Each session is devoted to a particular topic such as pacing and activity scheduling, sleep hygiene, nutrition, exercise, cognitive restructuring (reframing), humour, journaling, communication skills and problem-solving. At all sessions the relaxation response is practiced. Homework involves reading a chapter or two of Dr. Caudill’s Managing Pain book. The patients in the program state that the word “pain” can readily be substituted for “fatigue” in the book. After completion of the program, patients are encouraged to attend “graduate groups” facilitated by peer volunteers on a monthly basis.
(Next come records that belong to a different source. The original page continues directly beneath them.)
lemma mult_diag_matrix_diag:
  assumes "A \<in> carrier_mat N N" and "i < N"
  shows "(A * diag_matrix N f) $$ (i, i) = A $$ (i, i) * f i"
proof -
  have "(A * diag_matrix N f) $$ (i, i) = (\<Sum>j = 0..<N. A $$ (i, j) * (if j = i then f j else 0))"
    using assms by (simp add: index_mult_mat scalar_prod_def diag_matrix_def)
  also have "\<dots> = (\<Sum>j = 0..<N. if j = i then A $$ (i, i) * f i else 0)"
    by (rule sum.cong) auto
  finally show ?thesis
    using assms by simp
qed

lemma diag_matrix_mult_vec:
  assumes "v \<in> carrier_vec N" and "i < N"
  shows "(diag_matrix N f *\<^sub>v v) $ i = f i * v $ i"
proof -
  have "(diag_matrix N f *\<^sub>v v) $ i = (\<Sum>j = 0..<N. (if i = j then f i else 0) * v $ j)"
    using assms by (simp add: mult_mat_vec_def scalar_prod_def diag_matrix_def)
  also have "\<dots> = (\<Sum>j = 0..<N. if j = i then f i * v $ i else 0)"
    by (rule sum.cong) auto
  finally show ?thesis
    using assms by simp
qed

lemma vnorm_le_scaled:
  assumes "dim_vec w = dim_vec v" and "0 \<le> e"
    and "\<And>i. i < dim_vec v \<Longrightarrow> cmod (w $ i) \<le> e * cmod (v $ i)"
  shows "vnorm w \<le> e * vnorm v"
proof -
  have "(\<Sum>i<dim_vec w. (cmod (w $ i))\<^sup>2) \<le> (\<Sum>i<dim_vec v. (e * cmod (v $ i))\<^sup>2)"
    using assms by (auto intro!: sum_mono power_mono)
  also have "\<dots> = e\<^sup>2 * (\<Sum>i<dim_vec v. (cmod (v $ i))\<^sup>2)"
    by (simp add: power_mult_distrib sum_distrib_left)
  finally show ?thesis
    using assms(2) unfolding vnorm_def
    by (metis real_sqrt_abs real_sqrt_le_mono real_sqrt_mult abs_of_nonneg)
qed
(* Let $A$ be a sesquiad and $A^{\mathrm{red}}=A/\operatorname{Nil}(A)$. Then $A^{\mathrm{red}}$ is reduced, it is the largest reduced quotient of $A$ (by a congruence), and the projection $A\to A^{\mathrm{red}}$ induces a homeomorphism $\operatorname{spec}_cA^{\mathrm{red}}\to\operatorname{spec}_cA$.
   Context: Monoids are commutative with $1$ and a zero $0$. A sesquiad is a monoid $A$ with an addition: partially defined sums $\sum_jk_ja_j$ coming from an injective monoid morphism $\varphi:A\to R$ into a commutative ring with $\varphi(0)=0$, defined exactly when $\sum_jk_j\varphi(a_j)\in\varphi(A)$. A congruence is an equivalence relation $\mathcal C$ on $A$ such that $A/\mathcal C$ admits an addition making $A\to A/\mathcal C$ a sesquiad morphism; the quotient $A/\mathcal C$ carries the minimal such addition (the one defined by $A/\mathcal C\hookrightarrow R_A/J$, $J$ the ideal of the universal ring $R_A$ generated by $a-b$, $a\sim_{\mathcal C}b$). A congruence is prime if $A/\mathcal C$ is integral ($1\not\sim 0$; $af\sim bf\Rightarrow a\sim b$ or $f\sim0$). $\operatorname{spec}_cA$ is the set of prime congruences with topology generated by $D(a,b)=\{\mathcal C:(a,b)\notin\mathcal C\}$. A sesquiad morphism $\varphi:A\to B$ induces $\varphi^*:\operatorname{spec}_cB\to\operatorname{spec}_cA$, $E\mapsto\{(a,a'):\varphi(a)\sim_E\varphi(a')\}$. $\operatorname{Nil}(A)=\bigcap_{E\in\operatorname{spec}_cA}E$, and $A$ is reduced if $\operatorname{Nil}(A)$ is the diagonal $\Delta$. *)

theory Defs
  imports "HOL-Analysis.Abstract_Topology" "HOL-Algebra.Ideal"
begin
The benefits of properly organized and facilitated education and support groups in the treatment of CFS are being highlighted by medical research (Solderberg, Evengard. Psychother Psychsom 2001). The benefits of Mind/Body techniques have been validated as an effective FM treatment approach in a number of studies (Berman. J Rheumatol 2000; Sephton et al. Psychosom Med 2001; Worrel, et al. Mayo Clin Proc 2001). Unpublished data from the Harvard CFS program indicates that 87.5% of patients felt they were able to manage their symptoms more effectively and showed significant reductions in physical and mental fatigue.
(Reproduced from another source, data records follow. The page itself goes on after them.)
(* Let $A=(a_{ij})_{i,j=1}^n$ be the symmetric, entrywise nonnegative weighted adjacency matrix of an undirected graph on $n$ nodes, with degrees $d_i=\sum_j a_{ij}$ and total weight $m=\frac12\sum_{ij}a_{ij}>0$. Let $r\ge 1$ and $1\le k\le r$ be integers, and let $V=[v_1,\dots,v_n]$ with each $v_j\in\mathbb{R}^r$. Fix an index $i$ and the vectors $v_j$, $j\neq i$, and consider the subproblem $$\text{maximize}_{v_i}\; Q(v_i)\quad\text{s.t.}\quad v_i\in\mathbb{R}_+^r,\ \|v_i\|=1,\ \operatorname{card}(v_i)\le k,$$ where $Q(V)=\frac{1}{2m}\sum_{i,j}\left[a_{ij}-\frac{d_id_j}{2m}\right]v_i^Tv_j$ and $Q(v_i)$ denotes $Q$ as a function of $v_i$ alone with all other $v_j$ fixed. Let $q=\nabla Q(v_i):=\frac{1}{2m}\sum_{j\neq i}\left(a_{ij}-\frac{d_id_j}{2m}\right)v_j$. Then an optimal solution of the subproblem is $v_i=g/\|g\|$, where $$g=\begin{cases} e(t)\ \text{for a coordinate } t \text{ maximizing } q_t, & \text{if } q\le 0 \text{ (entrywise)},\\ \operatorname{top}_k^+(q), & \text{otherwise.}\end{cases}$$ (In the case $q\le 0$, if several $t$ attain the maximum of $q_t$, one chooses among them the $t$ with maximum $(v_i)_t$ for the previous value of $v_i$.)
   Context: $\|\cdot\|$ is the Euclidean norm; $\operatorname{card}(v)$ is the number of nonzero entries of $v$; $e(t)$ is the standard basis vector of coordinate $t$ in $\mathbb{R}^r$. For $q\in\mathbb{R}^r$, $\operatorname{top}_k^+(q)$ is the vector of the same shape that keeps the $k$ largest coordinates of $q$ when they are nonnegative and sets all other coordinates (including negative ones among the top $k$) to zero; e.g. $\operatorname{top}_2^+((-1,3))=(0,3)$ and $\operatorname{top}_1^+((-1,-2))=(0,0)$. Note that the term of $Q$ involving $v_i^Tv_i$ is constant on the feasible set since $\|v_i\|=1$. *)

theory Defs
  imports "HOL-Analysis.Analysis"
begin

definition degree :: "('n::finite \<Rightarrow> 'n \<Rightarrow> real) \<Rightarrow> 'n \<Rightarrow> real" where
  "degree A i = (\<Sum>j\<in>UNIV. A i j)"

definition total_weight :: "('n::finite \<Rightarrow> 'n \<Rightarrow> real) \<Rightarrow> real" where
  "total_weight A = (\<Sum>i\<in>UNIV. \<Sum>j\<in>UNIV. A i j) / 2"

definition modularity ::
  "('n::finite \<Rightarrow> 'n \<Rightarrow> real) \<Rightarrow> ('n \<Rightarrow> real^'r) \<Rightarrow> real" where
  "modularity A V =
     (1 / (2 * total_weight A)) *
     (\<Sum>i\<in>UNIV. \<Sum>j\<in>UNIV.
        (A i j - degree A i * degree A j / (2 * total_weight A)) * (V i \<bullet> V j))"

definition grad_Q ::
  "('n::finite \<Rightarrow> 'n \<Rightarrow> real) \<Rightarrow> ('n \<Rightarrow> real^'r) \<Rightarrow> 'n \<Rightarrow> real^'r" where
  "grad_Q A V i =
     (1 / (2 * total_weight A)) *\<^sub>R
     (\<Sum>j\<in>UNIV - {i}.
        (A i j - degree A i * degree A j / (2 * total_weight A)) *\<^sub>R V j)"

definition cardv :: "real^'r::finite \<Rightarrow> nat" where
  "cardv v = card {t. v $ t \<noteq> 0}"

definition ebasis :: "'r::finite \<Rightarrow> real^'r" where
  "ebasis t = (\<chi> s. if s = t then 1 else 0)"

definition feasible :: "nat \<Rightarrow> real^'r::finite \<Rightarrow> bool" where
  "feasible k v \<longleftrightarrow> (\<forall>t. 0 \<le> v $ t) \<and> norm v = 1 \<and> cardv v \<le> k"

definition is_topk_plus :: "nat \<Rightarrow> real^'r::finite \<Rightarrow> real^'r \<Rightarrow> bool" where
  "is_topk_plus k q g \<longleftrightarrow>
     (\<exists>S. card S = k \<and> (\<forall>s\<in>S. \<forall>t. t \<notin> S \<longrightarrow> q $ t \<le> q $ s) \<and>
          g = (\<chi> t. if t \<in> S \<and> 0 \<le> q $ t then q $ t else 0))"

end

theory Submission
  imports Defs
begin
Dr. Bested and I have been facilitating education and support groups at our office in Toronto, Ontario and now we have added to the course content based on my experiences with the Harvard program. We have groups of 10-12 CFS/FM patients and have sessions every two weeks for eight weeks. The response has been tremendous and participants have reported significant benefits from attendance. In 2002 we will have two concurrent eight-session programs. As with the Harvard program, our goals include education, particularly increasing coping skills, stress reduction and pacing. Drawing on Dr. Bested’s 10 years of clinical experience in treating CFS, the group process is greatly enhanced. In addition to session specific topics such as exercise, nutrition, Mind/Body techniques, sleep and lifestyle interventions, we also focus on the latest research from an integrative perspective (ie one inclusive of both conventional and complementary therapy). The meetings provide not only medical support but peer support as well. The patients quickly discover they are not alone with their illness; they often make friends within the group and can end the often-encountered social isolation. While it can be physically difficult for some to attend the sessions, almost all state that they were glad they made the effort. Our sessions are held every other week based on patient feedback; we find that our week-to-week attendance is higher when an alternating schedule is used.
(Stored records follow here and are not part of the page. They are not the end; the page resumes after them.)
(* (a) Let $n\ge1$ and let $x\in\beta\mathbb{N}$ be an ultrafilter on a finite level with $x\notin\overline{L_0\cup L_1\cup\cdots\cup L_{n-1}}$. Then there is an ultrafilter $y\in\overline{L_n}$ such that $y\,\tilde{\mid}\,x$. (b) Let $x\in\overline{L_m}$ and let $n\ge m$. Then there exists an ultrafilter $y\in\overline{L_n}$ such that $x\,\tilde{\mid}\,y$.
   Context: $\mathbb{N}=\{1,2,3,\dots\}$; $\beta\mathbb{N}$ is the set of ultrafilters on $\mathbb{N}$ (Stone–Čech compactification of discrete $\mathbb{N}$). For $A\subseteq\mathbb{N}$, $\overline{A}=\{x\in\beta\mathbb{N}:A\in x\}$. $P$ is the set of primes, $L_0=\{1\}$, $L_n=\{a_1\cdots a_n:a_1,\dots,a_n\in P\}$. An ultrafilter $x$ is on a finite level if $x\in\overline{L_i}$ for some $i\ge0$. For $x,y\in\beta\mathbb{N}$, $x\,\tilde{\mid}\,y$ iff for every $A\in x$ the set $\{k\in\mathbb{N}:\exists a\in A,\ a\mid k\}$ belongs to $y$. *)

theory Defs
  imports "HOL-Computational_Algebra.Primes"
begin

definition Npos :: "nat set" where
  "Npos = {k. 1 \<le> k}"

definition ultrafilter_N :: "nat set set \<Rightarrow> bool" where
  "ultrafilter_N U \<longleftrightarrow>
     U \<subseteq> Pow Npos \<and> Npos \<in> U \<and> {} \<notin> U \<and>
     (\<forall>A B. A \<in> U \<longrightarrow> A \<subseteq> B \<longrightarrow> B \<subseteq> Npos \<longrightarrow> B \<in> U) \<and>
     (\<forall>A B. A \<in> U \<longrightarrow> B \<in> U \<longrightarrow> A \<inter> B \<in> U) \<and>
     (\<forall>A. A \<subseteq> Npos \<longrightarrow> A \<in> U \<or> Npos - A \<in> U)"

definition bar :: "nat set \<Rightarrow> nat set set set" where
  "bar A = {U. ultrafilter_N U \<and> A \<in> U}"

definition L :: "nat \<Rightarrow> nat set" where
  "L n = {k. \<exists>ps. length ps = n \<and> (\<forall>p\<in>set ps. prime p) \<and> k = prod_list ps}"

definition finite_level :: "nat set set \<Rightarrow> bool" where
  "finite_level x \<longleftrightarrow> (\<exists>i. x \<in> bar (L i))"

definition dvd_up :: "nat set \<Rightarrow> nat set" where
  "dvd_up A = {k \<in> Npos. \<exists>a\<in>A. a dvd k}"

definition udvd :: "nat set set \<Rightarrow> nat set set \<Rightarrow> bool" (infix "~|" 50) where
  "udvd x y \<longleftrightarrow> (\<forall>A\<in>x. dvd_up A \<in> y)"

end

theory Submission
  imports Defs
begin

text \<open>Both parts use the image ultrafilter \<open>g(x)\<close> of \<open>x\<close> under a map \<open>g\<close> with
  \<open>g k \<mid> k\<close> (respectively \<open>k \<mid> g k\<close>), which then satisfies \<open>g(x) ~| x\<close> (respectively \<open>x ~| g(x)\<close>).
  For (a), \<open>x\<close> lies on a level \<open>L i\<close> with \<open>i \<ge> n\<close>, and \<open>g\<close> picks for each \<open>k \<in> L i\<close> a
  divisor in \<open>L n\<close>; for (b), \<open>g\<close> multiplies by \<open>2^(n-m)\<close>, moving \<open>L m\<close> into \<open>L n\<close>.\<close>

lemma L_subset_Npos: "L n \<subseteq> Npos"
proof
  fix k assume "k \<in> L n"
  then obtain ps where "\<forall>p\<in>set ps. prime p" "k = prod_list ps"
    unfolding L_def by auto
  then have "k \<noteq> 0" by (auto simp: prod_list_zero_iff)
  then show "k \<in> Npos" unfolding Npos_def by simp
qed

lemma L_times_power_of_two:
  assumes "k \<in> L m" shows "k * 2 ^ j \<in> L (m + j)"
proof -
  obtain ps where ps: "length ps = m" "\<forall>p\<in>set ps. prime p" "k = prod_list ps"
    using assms unfolding L_def by auto
  have "k * 2 ^ j = prod_list (ps @ replicate j 2)" using ps(3) by simp
  then show ?thesis unfolding L_def using ps(1,2) by (intro CollectI exI[of _ "ps @ replicate j 2"]) auto
qed

lemma L_has_divisor_in_L:
  assumes "k \<in> L i" "n \<le> i" shows "\<exists>d\<in>L n. d dvd k"
proof -
  obtain ps where ps: "length ps = i" "\<forall>p\<in>set ps. prime p" "k = prod_list ps"
    using assms(1) unfolding L_def by auto
  have "prod_list (take n ps) dvd k"
    using ps(3) by (metis append_take_drop_id dvd_triv_left prod_list.append)
  moreover have "prod_list (take n ps) \<in> L n"
    unfolding L_def using ps(1,2) assms(2)
    by (intro CollectI exI[of _ "take n ps"]) (auto dest: in_set_takeD)
  ultimately show ?thesis by blast
qed

lemma ultrafilter_N_subset: "ultrafilter_N x \<Longrightarrow> A \<in> x \<Longrightarrow> A \<subseteq> Npos"
  unfolding ultrafilter_N_def by auto

lemma ultrafilter_N_Npos: "ultrafilter_N x \<Longrightarrow> Npos \<in> x"
  unfolding ultrafilter_N_def by blast

lemma ultrafilter_N_empty: "ultrafilter_N x \<Longrightarrow> {} \<notin> x"
  unfolding ultrafilter_N_def by blast

lemma ultrafilter_N_mono: "ultrafilter_N x \<Longrightarrow> A \<in> x \<Longrightarrow> A \<subseteq> B \<Longrightarrow> B \<subseteq> Npos \<Longrightarrow> B \<in> x"
  unfolding ultrafilter_N_def by metis

lemma ultrafilter_N_Int: "ultrafilter_N x \<Longrightarrow> A \<in> x \<Longrightarrow> B \<in> x \<Longrightarrow> A \<inter> B \<in> x"
  unfolding ultrafilter_N_def by metis

lemma ultrafilter_N_compl: "ultrafilter_N x \<Longrightarrow> A \<subseteq> Npos \<Longrightarrow> A \<in> x \<or> Npos - A \<in> x"
  unfolding ultrafilter_N_def by metis

lemma ultrafilter_N_level_ge:
  assumes "ultrafilter_N x" "L i \<in> x" "x \<notin> bar (\<Union>j<n. L j)"
  shows "n \<le> i"
proof (rule ccontr)
  assume "\<not> n \<le> i"
  then have "L i \<subseteq> (\<Union>j<n. L j)" by (intro UN_upper) simp
  then have "(\<Union>j<n. L j) \<in> x"
    using ultrafilter_N_mono[OF assms(1,2)] L_subset_Npos by blast
  then show False using assms(1,3) unfolding bar_def by simp
qed

definition uf_image :: "(nat \<Rightarrow> nat) \<Rightarrow> nat set set \<Rightarrow> nat set set" where
  "uf_image g x = {B. B \<subseteq> Npos \<and> {k\<in>Npos. g k \<in> B} \<in> x}"

lemma ultrafilter_N_uf_image:
  assumes x: "ultrafilter_N x" and g: "g ` Npos \<subseteq> Npos"
  shows "ultrafilter_N (uf_image g x)"
proof -
  let ?pre = "\<lambda>B. {k\<in>Npos. g k \<in> B}"
  have mem_iff: "B \<in> uf_image g x \<longleftrightarrow> B \<subseteq> Npos \<and> ?pre B \<in> x" for B
    unfolding uf_image_def by simp
  show ?thesis unfolding ultrafilter_N_def
  proof (intro conjI allI impI)
    show "uf_image g x \<subseteq> Pow Npos" unfolding uf_image_def by blast
    have "?pre Npos = Npos" using g by blast
    then show "Npos \<in> uf_image g x" using ultrafilter_N_Npos[OF x] mem_iff by simp
    show "{} \<notin> uf_image g x" using ultrafilter_N_empty[OF x] mem_iff by simp
  next
    fix A B assume "A \<in> uf_image g x" "A \<subseteq> B" "B \<subseteq> Npos"
    then have "?pre A \<in> x" "?pre A \<subseteq> ?pre B" "?pre B \<subseteq> Npos" using mem_iff by auto
    then have "?pre B \<in> x" by (rule ultrafilter_N_mono[OF x])
    then show "B \<in> uf_image g x" using \<open>B \<subseteq> Npos\<close> mem_iff by blast
  next
    fix A B assume "A \<in> uf_image g x" "B \<in> uf_image g x"
    then have "?pre A \<in> x" "?pre B \<in> x" "A \<inter> B \<subseteq> Npos" using mem_iff by auto
    then have "?pre A \<inter> ?pre B \<in> x" by (intro ultrafilter_N_Int[OF x])
    moreover have "?pre A \<inter> ?pre B = ?pre (A \<inter> B)" by blast
    ultimately show "A \<inter> B \<in> uf_image g x" using \<open>A \<inter> B \<subseteq> Npos\<close> mem_iff by simp
  next
    fix A assume "A \<subseteq> Npos"
    have "?pre A \<in> x \<or> Npos - ?pre A \<in> x" by (rule ultrafilter_N_compl[OF x]) blast
    moreover have "Npos - ?pre A = ?pre (Npos - A)" using g by blast
    ultimately show "A \<in> uf_image g x \<or> Npos - A \<in> uf_image g x"
      using \<open>A \<subseteq> Npos\<close> mem_iff by auto
  qed
qed

lemma mem_uf_image:
  assumes x: "ultrafilter_N x" and "S \<in> x" "g ` S \<subseteq> B" "B \<subseteq> Npos"
  shows "B \<in> uf_image g x"
proof -
  have "S \<subseteq> {k\<in>Npos. g k \<in> B}" using assms ultrafilter_N_subset[OF x] by blast
  then have "{k\<in>Npos. g k \<in> B} \<in> x" using ultrafilter_N_mono[OF x \<open>S \<in> x\<close>] by blast
  then show ?thesis using \<open>B \<subseteq> Npos\<close> unfolding uf_image_def by blast
qed

lemma dvd_up_subset_Npos: "dvd_up A \<subseteq> Npos"
  unfolding dvd_up_def by blast

lemma uf_image_udvd_if_dvd:
  assumes x: "ultrafilter_N x" and g: "\<forall>k\<in>Npos. g k dvd k"
  shows "uf_image g x ~| x"
  unfolding udvd_def
proof
  fix A assume "A \<in> uf_image g x"
  then have "{k\<in>Npos. g k \<in> A} \<in> x" unfolding uf_image_def by simp
  moreover have "{k\<in>Npos. g k \<in> A} \<subseteq> dvd_up A" using g unfolding dvd_up_def by blast
  ultimately show "dvd_up A \<in> x" using ultrafilter_N_mono[OF x] dvd_up_subset_Npos by blast
qed

lemma udvd_uf_image_if_dvd:
  assumes x: "ultrafilter_N x" and g: "\<forall>k\<in>Npos. k dvd g k \<and> g k \<in> Npos"
  shows "x ~| uf_image g x"
  unfolding udvd_def
proof
  fix A assume A: "A \<in> x"
  then have "g ` A \<subseteq> dvd_up A" using g ultrafilter_N_subset[OF x A] unfolding dvd_up_def by blast
  then show "dvd_up A \<in> uf_image g x" using mem_uf_image[OF x A] dvd_up_subset_Npos by blast
qed

text \<open>Part (a) holds without \<open>1 \<le> n\<close>: for \<open>n = 0\<close> the witness is the principal
  ultrafilter at \<open>1\<close>.\<close>

lemma exists_lower_level_udvd:
  assumes x: "ultrafilter_N x" "finite_level x" "x \<notin> bar (\<Union>j<n. L j)"
  shows "\<exists>y. y \<in> bar (L n) \<and> y ~| x"
proof -
  obtain i where Li: "L i \<in> x" using x(2) unfolding finite_level_def bar_def by auto
  have "n \<le> i" using ultrafilter_N_level_ge[OF x(1) Li x(3)] .
  then have "\<forall>k\<in>L i. \<exists>d. d \<in> L n \<and> d dvd k" using L_has_divisor_in_L by blast
  then obtain d where d: "\<forall>k\<in>L i. d k \<in> L n \<and> d k dvd k" by metis
  define g where "g k = (if k \<in> L i then d k else k)" for k
  have g_dvd: "\<forall>k\<in>Npos. g k dvd k" using d unfolding g_def by simp
  then have "g ` Npos \<subseteq> Npos" unfolding Npos_def by (auto simp: Suc_le_eq dvd_pos_nat)
  moreover have "g ` L i \<subseteq> L n" using d unfolding g_def by auto
  with mem_uf_image[OF x(1) Li] L_subset_Npos have "L n \<in> uf_image g x" by blast
  ultimately show ?thesis
    using ultrafilter_N_uf_image[OF x(1)] uf_image_udvd_if_dvd[OF x(1) g_dvd]
    unfolding bar_def by blast
qed

lemma exists_upper_level_udvd:
  assumes x: "x \<in> bar (L m)" and "m \<le> n"
  shows "\<exists>y. y \<in> bar (L n) \<and> x ~| y"
proof -
  have uf: "ultrafilter_N x" and Lm: "L m \<in> x" using x unfolding bar_def by auto
  define g where "g k = k * 2 ^ (n - m)" for k :: nat
  have g: "\<forall>k\<in>Npos. k dvd g k \<and> g k \<in> Npos" unfolding g_def Npos_def by simp
  have "g ` L m \<subseteq> L n"
    using L_times_power_of_two[of _ m "n - m"] \<open>m \<le> n\<close> unfolding g_def by auto
  then have "L n \<in> uf_image g x" using mem_uf_image[OF uf Lm] L_subset_Npos by blast
  moreover have "g ` Npos \<subseteq> Npos" using g by blast
  ultimately show ?thesis
    using ultrafilter_N_uf_image[OF uf] udvd_uf_image_if_dvd[OF uf g]
    unfolding bar_def by blast
qed

theorem theorem2p14:
  shows "(\<forall>(n::nat) x. 1 \<le> n \<longrightarrow> ultrafilter_N x \<longrightarrow> finite_level x \<longrightarrow>
            x \<notin> bar (\<Union>i<n. L i) \<longrightarrow>
            (\<exists>y. y \<in> bar (L n) \<and> y ~| x))
       \<and> (\<forall>(m::nat) (n::nat) x. x \<in> bar (L m) \<longrightarrow> m \<le> n \<longrightarrow>
            (\<exists>y. y \<in> bar (L n) \<and> x ~| y))"
  using exists_lower_level_udvd exists_upper_level_udvd by blast

end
In conclusion, the training at Harvard was of real value in enhancing our Toronto-based education and support group content. The group serves as a beneficial complement to other medical interventions and may help to improve the quality of life of those dealing with chronic illnesses such as CFS and FM. Participants have the dual benefit of medical and peer support.


This page was last reviewed/modified on 2006/08/20.